Beginning with the line below that contains "case (insert x F)" and ending with the line that contains "x) \<le> mat_opnorm", copy every line exactly. Copy nothing else.

[Supplied material — start]

lemma matched_vertex_reachable_from_vertex:
  assumes K: "simplicial_complex K" and m: "is_matching K W" and vb: "({v}, b) \<in> W"
  obtains w where "{w} \<in> K" "({w}, {v}) \<in> (modified_hasse K W)\<^sup>+"
proof -
  have "({v}, b) \<in> hasse_edges K" using m vb unfolding is_matching_def by blast
  then have "{v} \<subset> b" "finite b" "card b = 2" using hasse_edge_card[OF K] by auto
  moreover have "v \<in> b" using \<open>{v} \<subset> b\<close> by blast
  ultimately have "card (b - {v}) = 1" by simp
  then obtain w where "b - {v} = {w}" by (rule card_1_singletonE)
  then have b: "b = {v, w}" "w \<noteq> v" using \<open>v \<in> b\<close> by auto
  have "b \<in> K" using is_matching_hasse_edge(2)[OF m vb] .
  then have "{w} \<in> K" using b simplicial_complexD(4)[OF K] by blast
  then have "({w}, b) \<in> hasse_edges K"
    using \<open>b \<in> K\<close> b \<open>({v}, b) \<in> hasse_edges K\<close> unfolding hasse_edges_def
    by (auto simp: simplex_dim_def)
  moreover have "({w}, b) \<notin> W" using is_matching_pair_eq[OF m _ vb, of "({w}, b)" b] b by auto
  ultimately have "({w}, b) \<in> modified_hasse K W" and "(b, {v}) \<in> modified_hasse K W"
    using vb unfolding modified_hasse_def by auto
  then have "({w}, {v}) \<in> (modified_hasse K W)\<^sup>+" by (meson trancl.simps)
  with \<open>{w} \<in> K\<close> show thesis by (rule that)
qed

text \<open>A vertex that is minimal for the modified Hasse diagram cannot be matched upwards, by
  the previous lemma, nor downwards, as simplices are nonempty.\<close>
lemma acyclic_matching_critical_vertex:
  assumes K: "simplicial_complex K" "K \<noteq> {}" and am: "acyclic_matching K W"
  shows "\<exists>v. {v} \<in> critical K W"
proof -
  let ?r = "modified_hasse K W" and ?Q = "{{v} | v. {v} \<in> K}"
  have m: "is_matching K W" and "acyclic ?r" using am unfolding acyclic_matching_def by auto
  have "W \<subseteq> K \<times> K" using is_matching_hasse_edge[OF m] by auto
  then have "?r \<subseteq> K \<times> K" unfolding modified_hasse_def hasse_edges_def by blast
  then have "finite ?r" using simplicial_complexD(1)[OF K(1)] finite_subset by blast
  then have wf: "wf (?r\<^sup>+)" using \<open>acyclic ?r\<close> finite_acyclic_wf wf_trancl by blast
  obtain s x where "s \<in> K" "x \<in> s" using K simplicial_complexD(3)[OF K(1)] by blast
  then have "{x} \<in> ?Q" using simplicial_complexD(4)[OF K(1)] by blast
  then obtain v where vK: "{v} \<in> K" and v_min: "\<And>y. (y, {v}) \<in> ?r\<^sup>+ \<Longrightarrow> y \<notin> ?Q"
    using wf_eq_minimal[THEN iffD1, OF wf, rule_format, of "{x}" ?Q] by blast
  have "a \<noteq> {v}" if "(a, b) \<in> W" for a b
    using matched_vertex_reachable_from_vertex[OF K(1) m] v_min that by blast
  moreover have "b \<noteq> {v}" if "(a, b) \<in> W" for a b
    using is_matching_hasse_edge(1,3)[OF m that] simplicial_complexD(3)[OF K(1)] by blast
  ultimately show ?thesis using vK unfolding critical_iff by blast
qed
lemma kron_norm_bound:
  assumes "\<And>l x. l < k \<Longrightarrow> norm (M l *v x) \<le> c l * norm x" "\<And>l. l < k \<Longrightarrow> 0 \<le> c l"
  shows "tnorm_sq k (tapply k (kron k M) v) \<le> (\<Prod>l<k. c l)\<^sup>2 * tnorm_sq k (v :: 'n::finite list \<Rightarrow> complex)"
  using assms
proof (induction k arbitrary: M c v)
  case 0
  then show ?case by (simp add: tnorm_sq_def tapply_def kron_def tidx_0)
next
  case (Suc k)
  define slice where "slice b = (\<lambda>js. v (b # js))" for b
  define w where "w b = tapply k (kron k (\<lambda>l. M (Suc l))) (slice b)" for b
  define C where "C = (\<Prod>l<k. c (Suc l))"
  have IH: "tnorm_sq k (w b) \<le> C\<^sup>2 * tnorm_sq k (slice b)" for b
    unfolding w_def C_def by (rule Suc.IH) (use Suc.prems in auto)
  have head: "(norm (M 0 *v x))\<^sup>2 \<le> (c 0)\<^sup>2 * (norm x)\<^sup>2" for x
    using Suc.prems(1)[of 0 x] Suc.prems(2)[of 0] by (simp add: power_mult_distrib[symmetric] power_mono)
  have "tnorm_sq (Suc k) (tapply (Suc k) (kron (Suc k) M) v) =
      (\<Sum>is\<in>tidx k. (norm (M 0 *v (\<chi> b. w b is)))\<^sup>2)"
    unfolding tnorm_sq_def sum_tidx_Suc
    by (subst sum.swap) (simp add: tapply_kron_Cons tidx_def norm_sq_vec w_def slice_def)
  also have "\<dots> \<le> (\<Sum>is\<in>tidx k. (c 0)\<^sup>2 * (norm (\<chi> b. w b is))\<^sup>2)"
    by (intro sum_mono head)
  also have "\<dots> = (c 0)\<^sup>2 * (\<Sum>b\<in>UNIV. tnorm_sq k (w b))"
    by (simp add: sum_distrib_left[symmetric] norm_sq_vec tnorm_sq_def) (rule disjI2, rule sum.swap)
  also have "\<dots> \<le> (c 0)\<^sup>2 * (\<Sum>b\<in>UNIV. C\<^sup>2 * tnorm_sq k (slice b))"
    by (intro mult_left_mono sum_mono IH) auto
  also have "\<dots> = (\<Prod>l<Suc k. c l)\<^sup>2 * tnorm_sq (Suc k) v"
    by (simp add: tnorm_sq_def sum_tidx_Suc slice_def C_def prod.lessThan_Suc_shift
        sum_distrib_left[symmetric] power_mult_distrib mult.assoc del: prod.lessThan_Suc)
  finally show ?case .
qed

text \<open>The tensor norm is the L2 norm of the coordinates, hence satisfies the triangle
  inequality and is homogeneous.\<close>

lemma tnorm_add: "tnorm k (\<lambda>is. f is + h is) \<le> tnorm k f + tnorm k h"
proof -
  have L2: "tnorm k v = L2_set (\<lambda>is. cmod (v is)) (tidx k)" for v
    unfolding tnorm_def L2_set_def ..
  have "tnorm k (\<lambda>is. f is + h is) \<le> L2_set (\<lambda>is. cmod (f is) + cmod (h is)) (tidx k)"
    unfolding L2 by (rule L2_set_mono) (auto intro: norm_triangle_ineq)
  also have "\<dots> \<le> tnorm k f + tnorm k h"
    unfolding L2 by (rule L2_set_triangle_ineq)
  finally show ?thesis .
qed

lemma tnorm_sum: "finite S \<Longrightarrow> tnorm k (\<lambda>is. \<Sum>g\<in>S. f g is) \<le> (\<Sum>g\<in>S. tnorm k (f g))"
proof (induction S rule: finite_induct)
  case empty
  then show ?case by (simp add: tnorm_def)
next
  case (insert x F)
  then have "tnorm k (\<lambda>is. \<Sum>g\<in>insert x F. f g is) \<le> tnorm k (f x) + tnorm k (\<lambda>is. \<Sum>g\<in>F. f g is)"
    using tnorm_add[of k "f x"] by simp
  then show ?case using insert by simp
qed

lemma tnorm_scale: "tnorm k (\<lambda>is. C * f is) = cmod C * tnorm k f"
  unfolding tnorm_def
  by (simp add: norm_mult power_mult_distrib sum_distrib_left[symmetric] real_sqrt_mult)

lemma tapply_sum: "tapply k (\<lambda>is js. \<Sum>g\<in>S. T g is js) v = (\<lambda>is. \<Sum>g\<in>S. tapply k (T g) v is)"
  by (auto simp: tapply_def fun_eq_iff sum_distrib_right intro: sum.swap)

lemma tapply_scale: "tapply k (\<lambda>is js. C * T is js) v = (\<lambda>is. C * tapply k T v is)"
  by (auto simp: tapply_def fun_eq_iff sum_distrib_left mult.assoc)

lemma mat_opnorm_bound: "norm (A *v x) \<le> mat_opnorm A * norm x"
  unfolding mat_opnorm_def by (rule onorm[OF matrix_vector_mul_bounded_linear])

lemma mat_opnorm_nonneg: "0 \<le> mat_opnorm A"
  unfolding mat_opnorm_def by (rule onorm_pos_le[OF matrix_vector_mul_bounded_linear])

lemma card_positions_of_A:
  assumes g: "g \<in> linear_choices m k"
  shows "card {l\<in>{..<k}. g l = 0} = k - m"
proof -
  have img: "g ` {..<k} \<subseteq> {0..m}" using g unfolding linear_choices_def choices_def by auto
  have "k = (\<Sum>r\<in>{0..m}. card {l\<in>{..<k}. g l = r})"
    using sum.group[OF _ _ img, of "\<lambda>_. 1::nat"] by simp
  also have "\<dots> = card {l\<in>{..<k}. g l = 0} + (\<Sum>r\<in>{1..m}. card {l\<in>{..<k}. g l = r})"
    by (simp add: atLeastAtMost_insertL[symmetric])
  also have "(\<Sum>r\<in>{1..m}. card {l\<in>{..<k}. g l = r}) = m"
    using g unfolding linear_choices_def by simp
  finally show ?thesis by simp
qed

lemma prod_positions_of_A:
  assumes "g \<in> linear_choices m k"
  shows "(\<Prod>l<k. if g l = 0 then z else 1) = (z::'a::comm_monoid_mult) ^ (k - m)"
proof -
  have "(\<Prod>l<k. if g l = 0 then z else 1) = (\<Prod>l\<in>{l\<in>{..<k}. g l = 0}. z)"
    by (rule prod.inter_filter[symmetric]) simp
  then show ?thesis using card_positions_of_A[OF assms] by simp
qed

lemma kron_chosen_factors_bound:
  assumes g: "g \<in> linear_choices m k" and X: "\<forall>i\<in>{1..m}. mat_opnorm (X i) = 1"
  shows "tnorm k (tapply k (kron k (chosen_factors A X g)) v) \<le> mat_opnorm A ^ (k - m) * tnorm k v"
proof -
  define c where "c l = (if g l = 0 then mat_opnorm A else 1)" for l
  have range: "l < k \<Longrightarrow> g l \<in> {0..m}" for l
    using g unfolding linear_choices_def choices_def by auto
  have "tnorm_sq k (tapply k (kron k (chosen_factors A X g)) v) \<le> (\<Prod>l<k. c l)\<^sup>2 * tnorm_sq k v"
  proof (rule kron_norm_bound)
    fix l x assume "l < k"
    then show "norm (chosen_factors A X g l *v x) \<le> c l * norm x"
    proof (cases "g l = 0")
      case False
      with range[of l] \<open>l < k\<close> have "mat_opnorm (X (g l)) = 1" using X by auto
      with False show ?thesis using mat_opnorm_bound[of "X (g l)" x] by (simp add: chosen_factors_def c_def)
    qed (simp add: chosen_factors_def c_def mat_opnorm_bound)
  qed (simp add: c_def mat_opnorm_nonneg)
  also have "(\<Prod>l<k. c l) = mat_opnorm A ^ (k - m)"
    unfolding c_def by (rule prod_positions_of_A[OF g])
  finally have "sqrt (tnorm_sq k (tapply k (kron k (chosen_factors A X g)) v)) \<le>
      sqrt ((mat_opnorm A ^ (k - m))\<^sup>2 * tnorm_sq k v)"
    by (rule real_sqrt_le_mono)
  then show ?thesis
    by (simp add: tnorm_sqrt real_sqrt_mult mat_opnorm_nonneg)
qed

lemma DTpow_bound:
  assumes X: "\<forall>i\<in>{1..m}. mat_opnorm (X i) = 1"
  shows "tnorm k (tapply k (DTpow m k A X) v) \<le>
    real (card (linear_choices m k)) * mat_opnorm A ^ (k - m) * tnorm k v"
proof -
  have "tnorm k (tapply k (DTpow m k A X) v) =
      tnorm k (\<lambda>is. \<Sum>g\<in>linear_choices m k. tapply k (kron k (chosen_factors A X g)) v is)"
    by (simp add: DTpow_linear_choices[abs_def] tapply_sum)
  also have "\<dots> \<le> (\<Sum>g\<in>linear_choices m k. tnorm k (tapply k (kron k (chosen_factors A X g)) v))"
    by (rule tnorm_sum[OF finite_linear_choices])
  also have "\<dots> \<le> (\<Sum>g\<in>linear_choices m k. mat_opnorm A ^ (k - m) * tnorm k v)"
    by (intro sum_mono kron_chosen_factors_bound X)
  finally show ?thesis by simp
qed

definition prod_tensor :: "nat \<Rightarrow> complex^'n \<Rightarrow> 'n::finite list \<Rightarrow> complex" where
  "prod_tensor k x is = (if length is = k then (\<Prod>l<k. x $ (is ! l)) else 0)"

lemma symtensor_prod_tensor: "symtensor k (prod_tensor k x)"
  unfolding symtensor_def
proof (intro conjI allI impI)
  fix "is" :: "'a list" and \<sigma> assume len: "length is = k" and \<sigma>: "\<sigma> permutes {..<k}"
  have "(\<Prod>l<k. x $ (map (\<lambda>l. is ! \<sigma> l) [0..<k] ! l)) = (\<Prod>l<k. x $ (is ! \<sigma> l))"
    by (rule prod.cong) auto
  also have "\<dots> = (\<Prod>l<k. x $ (is ! l))"
    using prod.permute[OF \<sigma>, of "\<lambda>l. x $ (is ! l)"] by (simp add: comp_def)
  finally show "prod_tensor k x (map (\<lambda>l. is ! \<sigma> l) [0..<k]) = prod_tensor k x is"
    using len by (simp add: prod_tensor_def)
qed (simp add: prod_tensor_def)

lemma tnorm_prod_tensor: "tnorm k (prod_tensor k x) = norm x ^ k"
proof -
  have "tnorm_sq k (prod_tensor k x) = (\<Sum>is\<in>tidx k. \<Prod>l<k. (cmod (x $ (is ! l)))\<^sup>2)"
    by (auto simp: tnorm_sq_def prod_tensor_def tidx_def prod_norm[symmetric] prod_power_distrib
        intro!: sum.cong)
  also have "\<dots> = (\<Prod>l<k. \<Sum>j\<in>UNIV. (cmod (x $ j))\<^sup>2)"
    by (rule sum_prod_tidx)
  also have "\<dots> = ((norm x)\<^sup>2) ^ k"
    by (simp add: norm_sq_vec)
  also have "\<dots> = (norm x ^ k)\<^sup>2"
    by (metis power_mult mult.commute)
  finally show ?thesis by (simp add: tnorm_sqrt)
qed

lemma tapply_kron_prod_tensor: "tapply k (kron k (\<lambda>_. Y)) (prod_tensor k x) = prod_tensor k (Y *v x)"
proof
  fix "is" :: "'a list"
  show "tapply k (kron k (\<lambda>_. Y)) (prod_tensor k x) is = prod_tensor k (Y *v x) is"
  proof (cases "length is = k")
    case True
    then have "tapply k (kron k (\<lambda>_. Y)) (prod_tensor k x) is =
        (\<Sum>js\<in>tidx k. \<Prod>l<k. Y $ (is ! l) $ (js ! l) * x $ (js ! l))"
      by (auto simp: tapply_def kron_def prod_tensor_def tidx_def prod.distrib intro!: sum.cong)
    also have "\<dots> = (\<Prod>l<k. \<Sum>j\<in>UNIV. Y $ (is ! l) $ j * x $ j)"
      by (rule sum_prod_tidx)
    also have "\<dots> = prod_tensor k (Y *v x) is"
      using True by (simp add: prod_tensor_def matrix_vector_mult_def)
    finally show ?thesis .
  qed (simp add: tapply_def prod_tensor_def)
qed

lemma mat_opnorm_attained:
  fixes Y :: "complex^'n^'n"
  obtains x where "norm x = 1" "norm (Y *v x) = mat_opnorm Y"
proof -
  let ?S = "sphere (0::complex^'n) 1"
  obtain i :: 'n where True by blast
  then have "axis i 1 \<in> ?S" by (simp add: norm_axis_1)
  moreover have "continuous_on ?S (\<lambda>x. norm (Y *v x))"
    by (intro continuous_intros linear_continuous_on matrix_vector_mul_bounded_linear)
  ultimately obtain x0 where x0: "x0 \<in> ?S" and max: "\<And>x. x \<in> ?S \<Longrightarrow> norm (Y *v x) \<le> norm (Y *v x0)"
    using continuous_attains_sup[OF compact_sphere] by blast
  have "mat_opnorm Y \<le> norm (Y *v x0)"
    unfolding mat_opnorm_def
  proof (rule onorm_le)
    fix x :: "complex^'n"
    show "norm (Y *v x) \<le> norm (Y *v x0) * norm x"
    proof (cases "x = 0")
      case False
      have "Y *v x = norm x *\<^sub>R (Y *v (inverse (norm x) *\<^sub>R x))"
        using False by (simp add: vec_eq_iff matrix_vector_mult_def scaleR_sum_right)
      then have "norm (Y *v x) = norm x * norm (Y *v (inverse (norm x) *\<^sub>R x))"
        by (metis norm_ge_zero norm_scaleR abs_of_nonneg)
      also have "\<dots> \<le> norm x * norm (Y *v x0)"
        by (rule mult_left_mono) (use max False in auto)
      finally show ?thesis by (simp add: mult.commute)
    qed simp
  qed
  moreover have "norm (Y *v x0) \<le> mat_opnorm Y"
    using mat_opnorm_bound[of Y x0] x0 by simp
  ultimately show ?thesis
    using that[of x0] x0 by simp
qed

[Supplied material — finish]

#### Output:
  case (insert x F)
  then have "tnorm k (\<lambda>is. \<Sum>g\<in>insert x F. f g is) \<le> tnorm k (f x) + tnorm k (\<lambda>is. \<Sum>g\<in>F. f g is)"
    using tnorm_add[of k "f x"] by simp
  then show ?case using insert by simp
qed

lemma tnorm_scale: "tnorm k (\<lambda>is. C * f is) = cmod C * tnorm k f"
  unfolding tnorm_def
  by (simp add: norm_mult power_mult_distrib sum_distrib_left[symmetric] real_sqrt_mult)

lemma tapply_sum: "tapply k (\<lambda>is js. \<Sum>g\<in>S. T g is js) v = (\<lambda>is. \<Sum>g\<in>S. tapply k (T g) v is)"
  by (auto simp: tapply_def fun_eq_iff sum_distrib_right intro: sum.swap)

lemma tapply_scale: "tapply k (\<lambda>is js. C * T is js) v = (\<lambda>is. C * tapply k T v is)"
  by (auto simp: tapply_def fun_eq_iff sum_distrib_left mult.assoc)

lemma mat_opnorm_bound: "norm (A *v x) \<le> mat_opnorm A * norm x"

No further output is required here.